Another run of kerbal got me thinking about what, in reality, makes up the limit for small, but still useful space probes.
The rationale should be obvious: The rocket equation does not hurt that much when we can make our payloads smaller and smaller. Assume a 10kg dry mass. With 260s ISP you get close to 6km/s delta-v out of a 100kg probe, enough to bring you into Mars orbit (and thus probably also somewhere in the belt). On a Falcon 9 you can start 220 of such probes at once, bringing launch cost down to about 300 000$. Probe production would also benefit from economics of scale. Finally, a certain risk of loss is not big deal anymore.

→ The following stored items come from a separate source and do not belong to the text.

(* Let $h:\mathbb{R}\to\mathbb{R}$ be of class $C^1$, let $x_0\in\mathbb{R}$, and let $\Phi$ be a real function of class $C^2$ on an interval $]x_-,x_+[$ with $x_-<x_0<x_+$, such that $h(x)\neq\Phi^2(x)$ for all $x\in]x_-,x_+[$. Define on $]x_-,x_+[$ \[ u_{\mathtt{top}}(x)=\exp\left[\int_{x_0}^{x}d\xi\,\Phi(\xi)\frac{\Phi'(\xi)-\sqrt{\left[h(\xi)-\Phi^{2}(\xi)\right]^{2}+\left[\Phi'(\xi)\right]^{2}}}{h(\xi)-\Phi^{2}(\xi)}\right], \] \[ u_{\mathtt{bot}}(x)=\exp\left[\int_{x_0}^{x}d\xi\,\Phi(\xi)\frac{\Phi'(\xi)+\sqrt{\left[h(\xi)-\Phi^{2}(\xi)\right]^{2}+\left[\Phi'(\xi)\right]^{2}}}{h(\xi)-\Phi^{2}(\xi)}\right]. \] Then $u(x)=A\,u_{\mathtt{top}}(x)+B\,u_{\mathtt{bot}}(x)$, with $A,B$ arbitrary constants, is the general solution of $u''(x)+h(x)u(x)=0$ on $]x_-,x_+[$ if and only if $\Phi$ satisfies on $]x_-,x_+[$ the equation \[ \Phi''(x)=\frac{3\Phi^{2}(x)+h(x)}{\Phi^{2}(x)-h(x)}\frac{\left[\Phi'(x)\right]^{2}}{\Phi(x)}-\frac{h'(x)\Phi'(x)}{\Phi^{2}(x)-h(x)}+\frac{\Phi^{4}(x)-h^{2}(x)}{\Phi(x)}. \]
   Context: The equation for $\Phi$ is the equation satisfied by geodesic curves, written in explicit form $\varPhi=\Phi(x)$, of the Riemannian metric $g_h=\left[(h(x)-\varPhi^2)^2dx^2+d\varPhi^2\right]/\varPhi^2$ on $\{(x,\varPhi)\mid\varPhi>0,\ \varPhi^2\neq h(x)\}$, a metric of constant curvature $-1$. *)

theory Defs
  imports "HOL-Analysis.Analysis"
begin

definition oint :: "(real \<Rightarrow> real) \<Rightarrow> real \<Rightarrow> real \<Rightarrow> real" where
  "oint f a b = (if a \<le> b then integral {a..b} f else - integral {b..a} f)"

definition solves_ode :: "(real \<Rightarrow> real) \<Rightarrow> real \<Rightarrow> real \<Rightarrow> (real \<Rightarrow> real) \<Rightarrow> bool" where
  "solves_ode h a b u \<longleftrightarrow>
     (\<forall>x\<in>{a<..<b}. u differentiable (at x) \<and>
        ((deriv u) has_real_derivative (- h x * u x)) (at x))"

definition general_solution :: "(real \<Rightarrow> real) \<Rightarrow> real \<Rightarrow> real \<Rightarrow> (real \<Rightarrow> real) \<Rightarrow> (real \<Rightarrow> real) \<Rightarrow> bool" where
  "general_solution h a b u1 u2 \<longleftrightarrow>
     (\<forall>A B. solves_ode h a b (\<lambda>x. A * u1 x + B * u2 x)) \<and>
     (\<forall>u. solves_ode h a b u \<longrightarrow> (\<exists>A B. \<forall>x\<in>{a<..<b}. u x = A * u1 x + B * u2 x))"

end

theory Submission
  imports Defs
begin

text \<open>Substituting \<open>u = exp (\<integral> f)\<close> turns \<open>u'' + h u = 0\<close> into the Riccati equation
  \<open>f' + f\<^sup>2 + h = 0\<close>. For the two branches \<open>f\<^sub>\<epsilon> = \<Phi> (\<Phi>' + \<epsilon> S) / (h - \<Phi>\<^sup>2)\<close>,
  \<open>S = sqrt ((h - \<Phi>\<^sup>2)\<^sup>2 + \<Phi>'\<^sup>2)\<close>, \<open>\<epsilon> = \<plusminus>1\<close>, a direct computation gives
  \<open>f\<^sub>\<epsilon>' + f\<^sub>\<epsilon>\<^sup>2 + h = (\<epsilon> f\<^sub>\<epsilon> / S) (\<Phi>'' - R)\<close>, where \<open>R\<close> is the right-hand side of the
  geodesic equation; and \<open>f\<^sub>\<epsilon> \<noteq> 0\<close> because \<open>|\<Phi>'| < S\<close>. So each of \<open>u\<^sub>t\<^sub>o\<^sub>p\<close>, \<open>u\<^sub>b\<^sub>o\<^sub>t\<close>
  solves the equation exactly when \<open>\<Phi>\<close> is a geodesic. In that case both are solutions whose
  Wronskian at \<open>x\<^sub>0\<close> is \<open>f\<^sub>+ - f\<^sub>- = 2 \<Phi> S / (h - \<Phi>\<^sup>2) \<noteq> 0\<close>; since the Wronskian of two
  solutions is constant, they span all solutions.\<close>

lemma C1_differentiable_on_has_real_derivative:
  fixes f :: "real \<Rightarrow> real"
  assumes "f C1_differentiable_on S" "x \<in> S"
  shows "(f has_real_derivative deriv f x) (at x)"
  using assms by (simp add: C1_differentiable_on_eq DERIV_deriv_iff_real_differentiable)

definition wronskian :: "(real \<Rightarrow> real) \<Rightarrow> (real \<Rightarrow> real) \<Rightarrow> real \<Rightarrow> real" where
  "wronskian u v x = u x * deriv v x - deriv u x * v x"

lemma solves_odeD:
  assumes "solves_ode h a b u" "x \<in> {a<..<b}"
  shows "(u has_real_derivative deriv u x) (at x)"
    and "(deriv u has_real_derivative - h x * u x) (at x)"
  using assms unfolding solves_ode_def DERIV_deriv_iff_real_differentiable[symmetric] by blast+

lemma solves_odeI:
  assumes "\<And>x. x \<in> {a<..<b} \<Longrightarrow> (u has_real_derivative u' x) (at x)"
    and "\<And>x. x \<in> {a<..<b} \<Longrightarrow> (u' has_real_derivative - h x * u x) (at x)"
  shows "solves_ode h a b u"
  unfolding solves_ode_def
proof (intro ballI conjI)
  fix x assume x: "x \<in> {a<..<b}"
  show "u differentiable (at x)"
    using assms(1)[OF x] real_differentiable_def by blast
  have deriv_u: "deriv u y = u' y" if "y \<in> {a<..<b}" for y
    using assms(1)[OF that] by (rule DERIV_imp_deriv)
  show "(deriv u has_real_derivative - h x * u x) (at x)"
    by (rule has_field_derivative_transform_within_open[OF assms(2)[OF x], of "{a<..<b}"])
       (use x deriv_u in auto)
qed

lemma solves_ode_lincomb:
  assumes "solves_ode h a b u" "solves_ode h a b v"
  shows "solves_ode h a b (\<lambda>x. A * u x + B * v x)"
proof (rule solves_odeI)
  fix x assume x: "x \<in> {a<..<b}"
  show "((\<lambda>x. A * u x + B * v x) has_real_derivative A * deriv u x + B * deriv v x) (at x)"
    using solves_odeD(1)[OF assms(1) x] solves_odeD(1)[OF assms(2) x]
    by (auto intro!: derivative_eq_intros)
  show "((\<lambda>x. A * deriv u x + B * deriv v x) has_real_derivative - h x * (A * u x + B * v x)) (at x)"
    using solves_odeD(2)[OF assms(1) x] solves_odeD(2)[OF assms(2) x]
    by (auto intro!: derivative_eq_intros simp: algebra_simps)
qed

lemma wronskian_constant:
  assumes "solves_ode h a b u" "solves_ode h a b v"
  obtains c where "\<And>x. x \<in> {a<..<b} \<Longrightarrow> wronskian u v x = c"
proof -
  have "\<exists>c. \<forall>x\<in>{a<..<b}. wronskian u v x = c"
  proof (rule has_field_derivative_zero_constant)
    fix x assume x: "x \<in> {a<..<b}"
    have "(wronskian u v has_real_derivative 0) (at x)"
      unfolding wronskian_def[abs_def]
      using solves_odeD[OF assms(1) x] solves_odeD[OF assms(2) x]
      by (auto intro!: derivative_eq_intros simp: algebra_simps)
    then show "(wronskian u v has_real_derivative 0) (at x within {a<..<b})"
      by (rule has_field_derivative_at_within)
  qed (rule convex_real_interval)
  then show ?thesis using that by blast
qed

lemma solves_ode_in_span:
  assumes u: "solves_ode h a b u1" "solves_ode h a b u2" and v: "solves_ode h a b v"
    and x1: "x1 \<in> {a<..<b}" "wronskian u1 u2 x1 \<noteq> 0"
  shows "\<exists>A B. \<forall>x\<in>{a<..<b}. v x = A * u1 x + B * u2 x"
proof -
  obtain c where c: "\<And>x. x \<in> {a<..<b} \<Longrightarrow> wronskian u1 u2 x = c"
    using wronskian_constant[OF u] by blast
  obtain c1 where c1: "\<And>x. x \<in> {a<..<b} \<Longrightarrow> wronskian v u2 x = c1"
    using wronskian_constant[OF v u(2)] by blast
  obtain c2 where c2: "\<And>x. x \<in> {a<..<b} \<Longrightarrow> wronskian u1 v x = c2"
    using wronskian_constant[OF u(1) v] by blast
  have "c \<noteq> 0" using c x1 by metis
  have "v x = c1 / c * u1 x + c2 / c * u2 x" if x: "x \<in> {a<..<b}" for x
  proof -
    have "v x * wronskian u1 u2 x = wronskian v u2 x * u1 x + wronskian u1 v x * u2 x"
      by (simp add: wronskian_def algebra_simps)
    then show ?thesis using c[OF x] c1[OF x] c2[OF x] \<open>c \<noteq> 0\<close> by (simp add: field_simps)
  qed
  then show ?thesis by blast
qed

lemma general_solutionI:
  assumes "solves_ode h a b u1" "solves_ode h a b u2"
    and "x1 \<in> {a<..<b}" "wronskian u1 u2 x1 \<noteq> 0"
  shows "general_solution h a b u1 u2"
  unfolding general_solution_def
  using solves_ode_lincomb[OF assms(1,2)] solves_ode_in_span[OF assms(1,2) _ assms(3,4)] by blast

lemma oint_eq_integral_diff:
  fixes f :: "real \<Rightarrow> real"
  assumes f: "f integrable_on {c..d}" and "x0 \<in> {c..d}" "y \<in> {c..d}"
  shows "oint f x0 y = integral {c..y} f - integral {c..x0} f"
proof (cases "x0 \<le> y")
  case True
  have "f integrable_on {c..y}" using integrable_on_subinterval[OF f] assms by auto
  then have "integral {c..x0} f + integral {x0..y} f = integral {c..y} f"
    using Henstock_Kurzweil_Integration.integral_combine[of c x0 y f] True assms by auto
  then show ?thesis using True unfolding oint_def by simp
next
  case False
  have "f integrable_on {c..x0}" using integrable_on_subinterval[OF f] assms by auto
  then have "integral {c..y} f + integral {y..x0} f = integral {c..x0} f"
    using Henstock_Kurzweil_Integration.integral_combine[of c y x0 f] False assms by auto
  then show ?thesis using False unfolding oint_def by simp
qed

lemma oint_has_real_derivative:
  fixes f :: "real \<Rightarrow> real"
  assumes f: "continuous_on {a<..<b} f" and x0: "x0 \<in> {a<..<b}" and x: "x \<in> {a<..<b}"
  shows "(oint f x0 has_real_derivative f x) (at x)"
proof -
  define c where "c = (a + min x x0) / 2"
  define d where "d = (b + max x x0) / 2"
  have cd: "a < c" "c < x" "c < x0" "d < b" "x < d" "x0 < d"
    using x x0 unfolding c_def d_def by auto
  then have f_cd: "continuous_on {c..d} f"
    using continuous_on_subset[OF f] by (meson greaterThanLessThan_iff atLeastAtMost_iff
        order.strict_trans1 order.strict_trans2 subsetI)
  have "((\<lambda>y. integral {c..y} f) has_real_derivative f x) (at x)"
    using integral_has_real_derivative[OF f_cd, of x] at_within_Icc_at[of c x d] cd by auto
  then have "((\<lambda>y. integral {c..y} f - integral {c..x0} f) has_real_derivative f x) (at x)"
    by (auto intro!: derivative_eq_intros)
  then show ?thesis
    by (rule has_field_derivative_transform_within_open[of _ _ _ "{c<..<d}"])
       (use cd oint_eq_integral_diff[OF integrable_continuous_real[OF f_cd]] in auto)
qed

lemma exp_oint_has_real_derivative:
  fixes f :: "real \<Rightarrow> real"
  assumes "continuous_on {a<..<b} f" "x0 \<in> {a<..<b}" "x \<in> {a<..<b}"
  shows "((\<lambda>y. exp (oint f x0 y)) has_real_derivative f x * exp (oint f x0 x)) (at x)"
  using DERIV_chain2[OF DERIV_exp oint_has_real_derivative[OF assms]] by (simp add: mult.commute)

However, the obvious question is: Are such probes useful? Or rather: What is the reason we do not launch such Microprobes today? Is it:
- The engine (is the smallest possible liquid fuel engine much bigger)?

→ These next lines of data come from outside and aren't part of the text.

lemma in_block_exists:
  "s < (\<Sum>j<J. nj j) \<Longrightarrow> \<exists>j<J. in_block nj j s"
proof (induction J)
  case (Suc J)
  show ?case
  proof (cases "s < (\<Sum>j<J. nj j)")
    case True
    then show ?thesis using Suc.IH less_SucI by blast
  next
    case False
    then have "in_block nj J s" using Suc.prems unfolding in_block_def by simp
    then show ?thesis by blast
  qed
qed simp

lemma mod_data_carrier [simp]:
  "dim_row (mod_data J nj C k Z) = dim_row Z" "dim_col (mod_data J nj C k Z) = dim_col Z"
  "Z \<in> carrier_mat m n \<Longrightarrow> mod_data J nj C k Z \<in> carrier_mat m n"
  unfolding mod_data_def by auto

lemma index_mod_data:
  assumes "r < dim_row Z" "c < dim_col Z" "j < J" "in_block nj j c"
  shows "mod_data J nj C k Z $$ (r,c) = (if C j k = 1 then Z $$ (r,c) else 0)"
proof -
  have "(\<exists>j'<J. in_block nj j' c \<and> C j' k = 1) \<longleftrightarrow> C j k = 1"
    using assms in_block_unique[of nj _ c j] by blast
  then show ?thesis unfolding mod_data_def using assms by simp
qed

lemma mult_mask_cols:
  assumes "B \<in> carrier_mat p q" "Z \<in> carrier_mat q n"
  shows "B * mat q n (\<lambda>(r,s). if P s then Z $$ (r,s) else 0)
    = mat p n (\<lambda>(r,s). if P s then (B * Z) $$ (r,s) else 0)"
proof (rule eq_matI)
  fix r s assume "r < dim_row (mat p n (\<lambda>(r,s). if P s then (B * Z) $$ (r,s) else 0))"
    "s < dim_col (mat p n (\<lambda>(r,s). if P s then (B * Z) $$ (r,s) else 0))"
  then have r: "r < p" and s: "s < n" by auto
  show "(B * mat q n (\<lambda>(r,s). if P s then Z $$ (r,s) else 0)) $$ (r,s)
    = mat p n (\<lambda>(r,s). if P s then (B * Z) $$ (r,s) else 0) $$ (r,s)"
    unfolding index_mult_mat_sum[OF assms(1) mat_carrier r s] using assms r s
    by (cases "P s") (simp_all add: index_mult_mat_sum[OF assms r s] del: index_mult_mat)
qed (use assms in auto)

lemma mult_mod_data:
  assumes "B \<in> carrier_mat p q" "Z \<in> carrier_mat q n"
  shows "B * mod_data J nj C k Z = mod_data J nj C k (B * Z)"
  using assms unfolding mod_data_def by (simp add: mult_mask_cols)

lemma mod_data_idem: "mod_data J nj C k (mod_data J nj C k Z) = mod_data J nj C k Z"
  by (intro eq_matI) (auto simp: mod_data_def)

lemma nuc_norm_mod_data_le: "nuc_norm (mod_data J nj C k Z) \<le> nuc_norm Z"
  unfolding mod_data_def by (rule nuc_norm_mask_cols_le)

lemma nuc_norm_add_smult_mod_data_le:
  fixes A Z :: "real mat"
  assumes "A \<in> carrier_mat m n" "Z \<in> carrier_mat m n" "c > 0"
  shows "nuc_norm (A + (1 / c) \<cdot>\<^sub>m mod_data J nj C i Z) \<le> nuc_norm A + nuc_norm Z / c"
proof -
  have "nuc_norm (A + (1 / c) \<cdot>\<^sub>m mod_data J nj C i Z) \<le> nuc_norm A + nuc_norm (mod_data J nj C i Z) / c"
    by (rule nuc_norm_add_smult_le[OF assms(1) mod_data_carrier(3)[OF assms(2)] assms(3)])
  also have "\<dots> \<le> nuc_norm A + nuc_norm Z / c"
    using assms(3) nuc_norm_mod_data_le by (simp add: divide_right_mono)
  finally show ?thesis .
qed

lemma sum_index_mod_data:
  fixes Z :: "real mat"
  assumes s: "s < (\<Sum>j<J. nj j)" "s < dim_col Z" and r: "r < dim_row Z"
    and cover: "\<forall>j<J. (\<Sum>i\<in>I. C' j i) = c * C j k"
    and C'_01: "\<forall>j<J. \<forall>i\<in>I. C' j i \<in> {0,1}" and C_01: "\<forall>j<J. C j k \<in> {0,1}"
  shows "(\<Sum>i\<in>I. mod_data J nj C' i Z $$ (r,s)) = real c * mod_data J nj C k Z $$ (r,s)"
proof -
  obtain j where j: "j < J" "in_block nj j s" using in_block_exists[OF s(1)] by blast
  have "(\<Sum>i\<in>I. mod_data J nj C' i Z $$ (r,s)) = (\<Sum>i\<in>I. real (C' j i)) * Z $$ (r,s)"
    unfolding sum_distrib_right using index_mod_data[OF r s(2) j] C'_01 j
    by (intro sum.cong) auto
  also have "(\<Sum>i\<in>I. real (C' j i)) = real c * real (C j k)"
    using cover j by (metis of_nat_mult of_nat_sum)
  also have "real c * real (C j k) * Z $$ (r,s) = real c * mod_data J nj C k Z $$ (r,s)"
    using index_mod_data[OF r s(2) j] C_01 j by auto
  finally show ?thesis .
qed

- Power supply (solar panels, batteries)
- Controls
- Scientific instruments
What is driving the payload weight currently?

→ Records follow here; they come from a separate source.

(* Let $n\ge4$, $x_1,\dots,x_{n-1}>0$, $\gamma,\delta>0$ with $\gamma\ne1\ne\delta$, $x_0=1$, and let $\mathbf{P}$ be the $n\times n$ matrix with entries $p_{ij}=x_{j-1}/x_{i-1}$ except $p_{12}=\delta x_1$, $p_{21}=1/(\delta x_1)$, $p_{13}=\gamma x_2$, $p_{31}=1/(\gamma x_2)$. Let $\mathbf{w}^{EM}$ be the principal right eigenvector of $\mathbf{P}$. Then for $i=4,\dots,n$: $\delta>1$ iff $w_2^{EM}/w_i^{EM}<x_{i-1}/x_1$, and $\delta<1$ iff $w_2^{EM}/w_i^{EM}>x_{i-1}/x_1$.
   Context: The principal right eigenvector is the positive (Perron) eigenvector belonging to the largest eigenvalue. *)

theory Defs
  imports "Jordan_Normal_Form.Char_Poly"
begin

text \<open>Matrices are 0-indexed: entry (i,j) here is the paper's p_{(i+1)(j+1)}.
  The paper's x_k is x k, with x 0 = 1.\<close>

definition pert_matrix :: "nat \<Rightarrow> (nat \<Rightarrow> real) \<Rightarrow> real \<Rightarrow> real \<Rightarrow> real mat" where
  "pert_matrix n x \<gamma> \<delta> = mat n n (\<lambda>(i,j).
      if (i,j) = (0,1) then \<delta> * x 1
      else if (i,j) = (1,0) then 1 / (\<delta> * x 1)
      else if (i,j) = (0,2) then \<gamma> * x 2
      else if (i,j) = (2,0) then 1 / (\<gamma> * x 2)
      else x j / x i)"

definition principal_right_eigenvector :: "real mat \<Rightarrow> real vec \<Rightarrow> bool" where
  "principal_right_eigenvector A w \<longleftrightarrow>
     (\<forall>i<dim_vec w. w $ i > 0) \<and>
     (\<exists>lam. eigenvector A w lam \<and> (\<forall>mu. eigenvalue A mu \<longrightarrow> mu \<le> lam))"

end

theory Submission
  imports Defs
begin

text \<open>For any positive eigenvector \<open>w\<close> with eigenvalue \<open>\<lambda>\<close>, let \<open>T = \<Sum>\<^sub>j x\<^sub>j w\<^sub>j\<close>.
  Every row \<open>i \<ge> 4\<close> of \<open>P\<close> is the consistent row \<open>x\<^sub>j / x\<^sub>i\<close>, so \<open>\<lambda> w\<^sub>i x\<^sub>i = T\<close>; row 2
  differs from a consistent row only in its first entry, which gives
  \<open>\<lambda> w\<^sub>2 x\<^sub>1 = T + w\<^sub>1 (1/\<delta> - 1)\<close>. Hence \<open>\<lambda> (w\<^sub>2 x\<^sub>1 - w\<^sub>i x\<^sub>i) = w\<^sub>1 (1/\<delta> - 1)\<close>, and since
  \<open>\<lambda> > 0\<close> the sign of \<open>w\<^sub>2 x\<^sub>1 - w\<^sub>i x\<^sub>i\<close> is the sign of \<open>1 - \<delta>\<close>. Neither \<open>\<gamma>\<close> nor the
  maximality of \<open>\<lambda>\<close> plays any role.\<close>

lemma eigenvector_row_sum:
  fixes A :: "'a::comm_ring_1 mat"
  assumes "eigenvector A w lam" and "A \<in> carrier_mat n n" and "k < n"
  shows "(\<Sum>j<n. A $$ (k, j) * w $ j) = lam * w $ k"
proof -
  have w: "w \<in> carrier_vec n" and eq: "A *\<^sub>v w = lam \<cdot>\<^sub>v w"
    using assms(1,2) unfolding eigenvector_def by auto
  have "(A *\<^sub>v w) $ k = (\<Sum>j<n. A $$ (k, j) * w $ j)"
    using assms(2,3) w by (simp add: scalar_prod_def row_def lessThan_atLeast0)
  then show ?thesis using eq assms(3) w by simp
qed

lemma pert_matrix_carrier: "pert_matrix n x \<gamma> \<delta> \<in> carrier_mat n n"
  by (simp add: pert_matrix_def)

lemma pert_matrix_row_consistent:
  assumes "3 \<le> i" and "i < n"
  shows "(\<Sum>j<n. pert_matrix n x \<gamma> \<delta> $$ (i, j) * w $ j) = (\<Sum>j<n. x j * w $ j) / x i"
proof -
  have "(\<Sum>j<n. pert_matrix n x \<gamma> \<delta> $$ (i, j) * w $ j) = (\<Sum>j<n. x j * w $ j / x i)"
    by (rule sum.cong) (use assms in \<open>auto simp: pert_matrix_def\<close>)
  then show ?thesis by (simp add: sum_divide_distrib)
qed

lemma pert_matrix_row_one:
  assumes "1 < n" and "x 0 = 1" and "x 1 \<noteq> 0" and "\<delta> \<noteq> 0"
  shows "(\<Sum>j<n. pert_matrix n x \<gamma> \<delta> $$ (1, j) * w $ j)
           = ((\<Sum>j<n. x j * w $ j) + w $ 0 * (1 / \<delta> - 1)) / x 1"
proof -
  have "(\<Sum>j<n. pert_matrix n x \<gamma> \<delta> $$ (1, j) * w $ j)
          = (\<Sum>j<n. x j * w $ j / x 1 + (if j = 0 then w $ 0 * (1 / \<delta> - 1) / x 1 else 0))"
    by (rule sum.cong) (use assms in \<open>auto simp: pert_matrix_def field_simps\<close>)
  also have "\<dots> = (\<Sum>j<n. x j * w $ j) / x 1 + w $ 0 * (1 / \<delta> - 1) / x 1"
    using assms(1) by (simp add: sum.distrib sum_divide_distrib)
  finally show ?thesis by (simp add: add_divide_distrib)
qed

lemma pert_matrix_eigenvector_gap:
  assumes "eigenvector (pert_matrix n x \<gamma> \<delta>) w lam"
    and "3 \<le> i" and "i < n" and "x 0 = 1" and "x 1 \<noteq> 0" and "x i \<noteq> 0" and "\<delta> \<noteq> 0"
  shows "lam * w $ i * x i = (\<Sum>j<n. x j * w $ j)"
    and "lam * (w $ 1 * x 1 - w $ i * x i) = w $ 0 * (1 / \<delta> - 1)"
proof -
  note row = eigenvector_row_sum[OF assms(1) pert_matrix_carrier]
  show gap_i: "lam * w $ i * x i = (\<Sum>j<n. x j * w $ j)"
    using row[of i] pert_matrix_row_consistent[OF assms(2,3)] assms(3,6)
    by (simp add: field_simps)
  have "lam * w $ 1 * x 1 = (\<Sum>j<n. x j * w $ j) + w $ 0 * (1 / \<delta> - 1)"
    using row[of 1] pert_matrix_row_one[of n x \<delta> \<gamma> w] assms(2-5,7) by (simp add: field_simps)
  with gap_i show "lam * (w $ 1 * x 1 - w $ i * x i) = w $ 0 * (1 / \<delta> - 1)"
    by (simp add: algebra_simps)
qed

lemma sign_of_gap:
  fixes lam c a b \<delta> :: real
  assumes "lam > 0" and "c > 0" and "\<delta> > 0" and "lam * (a - b) = c * (1 / \<delta> - 1)"
  shows "(\<delta> > 1 \<longleftrightarrow> a < b) \<and> (\<delta> < 1 \<longleftrightarrow> a > b)"
proof -
  have "sgn (a - b) = sgn (1 / \<delta> - 1)"
    using arg_cong[OF assms(4), of sgn] assms(1,2) by (simp add: sgn_mult)
  moreover have "sgn (1 / \<delta> - 1) = sgn (1 - \<delta>)"
    using assms(3) by (auto simp: sgn_if field_simps)
  ultimately show ?thesis by (auto simp: sgn_if split: if_splits)
qed

theorem mainTheorem10:
  fixes n :: nat and x :: "nat \<Rightarrow> real" and \<gamma> \<delta> :: real and w :: "real vec"
  assumes "n \<ge> 4"
    and "\<forall>k\<in>{1..n-1}. x k > 0"
    and "x 0 = 1"
    and "\<gamma> > 0" and "\<delta> > 0" and "\<gamma> \<noteq> 1" and "\<delta> \<noteq> 1"
    and "principal_right_eigenvector (pert_matrix n x \<gamma> \<delta>) w"
  shows "\<forall>i\<in>{3..<n}.
           (\<delta> > 1 \<longleftrightarrow> w $ 1 / w $ i < x i / x 1) \<and>
           (\<delta> < 1 \<longleftrightarrow> w $ 1 / w $ i > x i / x 1)"
proof
  fix i assume i: "i \<in> {3..<n}"
  obtain lam where wpos: "\<forall>j<dim_vec w. w $ j > 0"
    and ev: "eigenvector (pert_matrix n x \<gamma> \<delta>) w lam"
    using assms(8) unfolding principal_right_eigenvector_def by blast
  have "dim_vec w = n"
    using ev pert_matrix_carrier unfolding eigenvector_def by fastforce
  then have w: "j < n \<Longrightarrow> w $ j > 0" for j using wpos by simp
  have x: "x j > 0" if "j < n" for j using that assms(2,3) by (cases "j = 0") auto
  have i_bounds: "3 \<le> i" "i < n" using i by auto
  have "x 1 \<noteq> 0" "x i \<noteq> 0" using x[of 1] x[of i] i_bounds assms(1) by auto
  from assms(5) have "\<delta> \<noteq> 0" by simp
  note gap = pert_matrix_eigenvector_gap[OF ev i_bounds assms(3) \<open>x 1 \<noteq> 0\<close> \<open>x i \<noteq> 0\<close> this]
  have "(\<Sum>j<n. x j * w $ j) > 0"
    using assms(1) x w by (intro sum_pos) (auto simp: lessThan_empty_iff)
  then have lam_prod: "0 < lam * (w $ i * x i)" using gap(1) by (simp add: mult.assoc)
  have "0 < w $ i * x i" using w[of i] x[of i] i_bounds(2) by simp
  with lam_prod have "lam > 0" by (rule zero_less_mult_pos2)
  moreover have "w $ 0 > 0" using w i_bounds by simp
  ultimately have "(\<delta> > 1 \<longleftrightarrow> w $ 1 * x 1 < w $ i * x i) \<and> (\<delta> < 1 \<longleftrightarrow> w $ 1 * x 1 > w $ i * x i)"
    using assms(5) gap(2) by (rule sign_of_gap)
  then show "(\<delta> > 1 \<longleftrightarrow> w $ 1 / w $ i < x i / x 1) \<and> (\<delta> < 1 \<longleftrightarrow> w $ 1 / w $ i > x i / x 1)"
    using i_bounds x[of 1] x[of i] w[of i] assms(1) by (simp add: divide_simps mult.commute)
qed

end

edit: David's answer below focused on optics and communication. So I try to be a little bit more precise: A large CMOS chip is roughly 16cm². Does one need that much more for in-orbit photography (because there is so little light)? According communication: Is antenna size really the issue (not wattage)? If so, why shouldn't you fold it? Say we put a conventional, lightweight camera, top notch solar cells, a small battery, a raspi and a conventional GSM like sender on a probe and send it to a Phobos polar orbit. This "science package" should weigh under 1kg. That gives us another 9kg for attitude control, shielding etc. what am I missing?